=== Required action ===
Find the string "forall" in the records. Copy each line that has it.
--------------------------------
(* For a flat virtual braid $\beta\in FVB_n$ let $G(\beta)$ be the quotient of the free group $F_{2n}$ with free basis $x_1,\dots,x_n,y_1,\dots,y_n$ by the relations $\theta(\beta)(x_i)=x_i$, $\theta(\beta)(y_i)=y_i$ ($i=1,\dots,n$) together with the relations $y_1=y_2=\dots=y_n$. Then $G(\beta)$ depends (up to isomorphism) not on the braid $\beta$ but only on its closure $\widehat\beta$: if $\beta\in FVB_n$ and $\beta'\in FVB_{n'}$ have equivalent closures, then $G(\beta)\cong G(\beta')$.
   Context: $FVB_n$ is the flat virtual braid group: generators $\sigma_1,\dots,\sigma_{n-1},\rho_1,\dots,\rho_{n-1}$, relations $\sigma_i\sigma_j=\sigma_j\sigma_i$, $\rho_i\rho_j=\rho_j\rho_i$, $\sigma_i\rho_j=\rho_j\sigma_i$ for $|i-j|\ge2$; $\sigma_i\sigma_{i+1}\sigma_i=\sigma_{i+1}\sigma_i\sigma_{i+1}$; $\rho_i\rho_{i+1}\rho_i=\rho_{i+1}\rho_i\rho_{i+1}$; $\rho_i\rho_{i+1}\sigma_i=\sigma_{i+1}\rho_i\rho_{i+1}$; $\rho_i^2=\sigma_i^2=1$. $\theta:FVB_n\to{\rm Aut}(F_{2n})$ is the homomorphism with $\theta(\sigma_i):x_i\mapsto x_{i+1}y_{i+1},\ x_{i+1}\mapsto x_iy_{i+1}^{-1}$ and $\theta(\rho_i):x_i\leftrightarrow x_{i+1},\ y_i\leftrightarrow y_{i+1}$ (other generators fixed), automorphisms composed on the right, $(fg)(x)=g(f(x))$. The closure $\widehat\beta$ of a flat virtual braid is the flat virtual link diagram obtained by joining the top and bottom endpoints of its strands (flat crossings for $\sigma_i$, virtual crossings for $\rho_i$), and closures are compared up to equivalence of flat virtual links. *)

theory Defs
  imports "HOL-Algebra.Algebra" "HOL-Library.Multiset"
begin

text \<open>Letters of words in the generators of FVB_n: S i is sigma_i, R i is rho_i (1 <= i <= n-1).
  Every element of FVB_n is represented by such a word (all generators are involutions).\<close>
datatype fvgen = S nat | R nat

fun gidx :: "fvgen \<Rightarrow> nat" where
  "gidx (S i) = i" | "gidx (R i) = i"

definition fvb_word :: "nat \<Rightarrow> fvgen list \<Rightarrow> bool" where
  "fvb_word n w \<longleftrightarrow> (\<forall>g\<in>set w. 1 \<le> gidx g \<and> gidx g < n)"

text \<open>A letter (a, e) is the generator a if e = False and its inverse if e = True.
  Generators: Inl i = x_i, Inr i = y_i.\<close>
type_synonym 'a fletter = "'a \<times> bool"

fun freduce :: "'a fletter list \<Rightarrow> 'a fletter list" where
  "freduce [] = []"
| "freduce (a # w) = (case freduce w of
      [] \<Rightarrow> [a]
    | b # v \<Rightarrow> (if fst b = fst a \<and> snd b \<noteq> snd a then v else a # b # v))"

definition finv :: "'a fletter list \<Rightarrow> 'a fletter list" where
  "finv u = rev (map (\<lambda>(a, e). (a, \<not> e)) u)"

definition free_group :: "'a set \<Rightarrow> ('a fletter list) monoid" where
  "free_group A = \<lparr> partial_object.carrier = {w. freduce w = w \<and> (\<forall>l\<in>set w. fst l \<in> A)},
                    monoid.mult = (\<lambda>u v. freduce (u @ v)), monoid.one = [] \<rparr>"

definition fsubst :: "('a \<Rightarrow> 'b fletter list) \<Rightarrow> 'a fletter list \<Rightarrow> 'b fletter list" where
  "fsubst f w = freduce (concat (map (\<lambda>(a, e). if e then finv (f a) else f a) w))"

definition swp :: "nat \<Rightarrow> nat \<Rightarrow> nat" where
  "swp i j = (if j = i then i + 1 else if j = i + 1 then i else j)"

fun theta_gen :: "fvgen \<Rightarrow> (nat + nat) \<Rightarrow> (nat + nat) fletter list" where
  "theta_gen (S i) (Inl j) =
     (if j = i then [(Inl (i+1), False), (Inr (i+1), False)]
      else if j = i + 1 then [(Inl i, False), (Inr (i+1), True)]
      else [(Inl j, False)])"
| "theta_gen (S i) (Inr j) = [(Inr j, False)]"
| "theta_gen (R i) (Inl j) = [(Inl (swp i j), False)]"
| "theta_gen (R i) (Inr j) = [(Inr (swp i j), False)]"

text \<open>theta(beta)(g) for a braid word; automorphisms composed on the right: (fg)(x) = g(f(x)).\<close>
definition theta :: "fvgen list \<Rightarrow> (nat + nat) \<Rightarrow> (nat + nat) fletter list" where
  "theta w g = foldl (\<lambda>u h. fsubst (theta_gen h) u) [(g, False)] w"

definition gens :: "nat \<Rightarrow> (nat + nat) set" where
  "gens n = Inl ` {1..n} \<union> Inr ` {1..n}"

definition relators :: "nat \<Rightarrow> fvgen list \<Rightarrow> (nat + nat) fletter list set" where
  "relators n w =
     (\<lambda>i. freduce (theta w (Inl i) @ [(Inl i, True)])) ` {1..n}
   \<union> (\<lambda>i. freduce (theta w (Inr i) @ [(Inr i, True)])) ` {1..n}
   \<union> (\<lambda>i. freduce [(Inr 1, False), (Inr i, True)]) ` {1..n}"

definition normal_closure :: "('a, 'b) monoid_scheme \<Rightarrow> 'a set \<Rightarrow> 'a set" where
  "normal_closure G A = generate G (\<Union>g\<in>carrier G. (\<lambda>r. g \<otimes>\<^bsub>G\<^esub> r \<otimes>\<^bsub>G\<^esub> inv\<^bsub>G\<^esub> g) ` A)"

definition Gb :: "nat \<Rightarrow> fvgen list \<Rightarrow> ((nat + nat) fletter list) set monoid" where
  "Gb n w = free_group (gens n) Mod normal_closure (free_group (gens n)) (relators n w)"

text \<open>A flat Gauss diagram: one cyclic word per component; an endpoint (k, h) is an endpoint of
  chord k, h = True for the head of the arrow.\<close>
type_synonym endpt = "nat \<times> bool"
type_synonym gdiag = "endpt list list"

definition labels :: "gdiag \<Rightarrow> nat set" where
  "labels D = fst ` (\<Union>c\<in>set D. set c)"

text \<open>Realisable triangle configurations for R3 (lines 1,2,3; chords a=c12, b=c13, c=c23),
  with line i reversed according to e_i.\<close>
definition flipif :: "bool \<Rightarrow> endpt \<Rightarrow> endpt" where
  "flipif f p = (fst p, snd p \<noteq> f)"

definition r3cfg :: "bool \<Rightarrow> bool \<Rightarrow> bool \<Rightarrow> nat \<Rightarrow> nat \<Rightarrow> nat \<Rightarrow> endpt list list" where
  "r3cfg e1 e2 e3 a b c =
    (let fa = (e1 \<noteq> e2); fb = (e1 \<noteq> e3); fc = (e2 \<noteq> e3);
         rv = (\<lambda>e s. if e then rev s else s) in
     [rv e1 [flipif fb (b, True), flipif fa (a, False)],
      rv e2 [flipif fa (a, True), flipif fc (c, False)],
      rv e3 [flipif fc (c, True), flipif fb (b, False)]])"

inductive gstep :: "gdiag \<Rightarrow> gdiag \<Rightarrow> bool" where
  rotate: "gstep ((u @ v) # rest) ((v @ u) # rest)"
| permute: "mset D' = mset D \<Longrightarrow> gstep D D'"
| relabel: "inj f \<Longrightarrow> gstep D (map (map (\<lambda>(k, h). (f k, h))) D)"
| R1: "k \<notin> labels (w # rest) \<Longrightarrow>
       gstep (w # rest) (([(k, x), (k, \<not> x)] @ w) # rest)"
| R2a: "a \<noteq> b \<Longrightarrow> a \<notin> labels D \<Longrightarrow> b \<notin> labels D \<Longrightarrow> D = w1 # w2 # rest \<Longrightarrow>
       s2 \<in> {[(a, \<not> x), (b, x)], [(b, x), (a, \<not> x)]} \<Longrightarrow>
       gstep D (([(a, x), (b, \<not> x)] @ w1) # (s2 @ w2) # rest)"
| R2b: "a \<noteq> b \<Longrightarrow> a \<notin> labels D \<Longrightarrow> b \<notin> labels D \<Longrightarrow> D = (w1 @ w2) # rest \<Longrightarrow>
       s2 \<in> {[(a, \<not> x), (b, x)], [(b, x), (a, \<not> x)]} \<Longrightarrow>
       gstep D (([(a, x), (b, \<not> x)] @ w1 @ s2 @ w2) # rest)"
| R3a: "distinct [a, b, c] \<Longrightarrow> distinct [i, j, k] \<Longrightarrow> i < 3 \<Longrightarrow> j < 3 \<Longrightarrow> k < 3 \<Longrightarrow>
       cf = r3cfg e1 e2 e3 a b c \<Longrightarrow>
       gstep ((cf!i @ w1 @ cf!j @ w2 @ cf!k @ w3) # rest)
             ((rev (cf!i) @ w1 @ rev (cf!j) @ w2 @ rev (cf!k) @ w3) # rest)"
| R3b: "distinct [a, b, c] \<Longrightarrow> distinct [i, j, k] \<Longrightarrow> i < 3 \<Longrightarrow> j < 3 \<Longrightarrow> k < 3 \<Longrightarrow>
       cf = r3cfg e1 e2 e3 a b c \<Longrightarrow>
       gstep ((cf!i @ w1 @ cf!j @ w2) # (cf!k @ w3) # rest)
             ((rev (cf!i) @ w1 @ rev (cf!j) @ w2) # (rev (cf!k) @ w3) # rest)"
| R3c: "distinct [a, b, c] \<Longrightarrow> distinct [i, j, k] \<Longrightarrow> i < 3 \<Longrightarrow> j < 3 \<Longrightarrow> k < 3 \<Longrightarrow>
       cf = r3cfg e1 e2 e3 a b c \<Longrightarrow>
       gstep ((cf!i @ w1) # (cf!j @ w2) # (cf!k @ w3) # rest)
             ((rev (cf!i) @ w1) # (rev (cf!j) @ w2) # (rev (cf!k) @ w3) # rest)"

text \<open>Equivalence of flat virtual links (Gauss diagrams modulo flat Reidemeister moves;
  virtual crossings are invisible in Gauss diagrams).\<close>
definition flat_equiv :: "gdiag \<Rightarrow> gdiag \<Rightarrow> bool" where
  "flat_equiv = equivclp gstep"

text \<open>Endpoints met by the strand starting at top position p while traversing the word once;
  crossing labels are the indices of the sigma letters in the word. At sigma_i the strand
  coming from position i gets the head.\<close>
fun passf :: "nat \<Rightarrow> fvgen list \<Rightarrow> nat \<Rightarrow> endpt list" where
  "passf k [] p = []"
| "passf k (S i # w) p =
     (if p = i then [(k, True)] else if p = i + 1 then [(k, False)] else []) @ passf (Suc k) w (swp i p)"
| "passf k (R i # w) p = passf (Suc k) w (swp i p)"

definition endpos :: "fvgen list \<Rightarrow> nat \<Rightarrow> nat" where
  "endpos w p = fold (\<lambda>g q. swp (gidx g) q) w p"

definition orbit_len :: "fvgen list \<Rightarrow> nat \<Rightarrow> nat" where
  "orbit_len w p = (LEAST r. 0 < r \<and> (endpos w ^^ r) p = p)"

definition comp_word :: "fvgen list \<Rightarrow> nat \<Rightarrow> endpt list" where
  "comp_word w p = concat (map (\<lambda>j. passf 0 w ((endpos w ^^ j) p)) [0..<orbit_len w p])"

definition is_rep :: "fvgen list \<Rightarrow> nat \<Rightarrow> bool" where
  "is_rep w p \<longleftrightarrow> (\<forall>j. p \<le> (endpos w ^^ j) p)"

definition closure :: "nat \<Rightarrow> fvgen list \<Rightarrow> gdiag" where
  "closure n w = map (comp_word w) (filter (is_rep w) [1..<Suc n])"

end

theory Submission
  imports Defs
begin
--------------------------------
=== Answer below ===
  "fvb_word n w \<longleftrightarrow> (\<forall>g\<in>set w. 1 \<le> gidx g \<and> gidx g < n)"
  "free_group A = \<lparr> partial_object.carrier = {w. freduce w = w \<and> (\<forall>l\<in>set w. fst l \<in> A)},
  "is_rep w p \<longleftrightarrow> (\<forall>j. p \<le> (endpos w ^^ j) p)"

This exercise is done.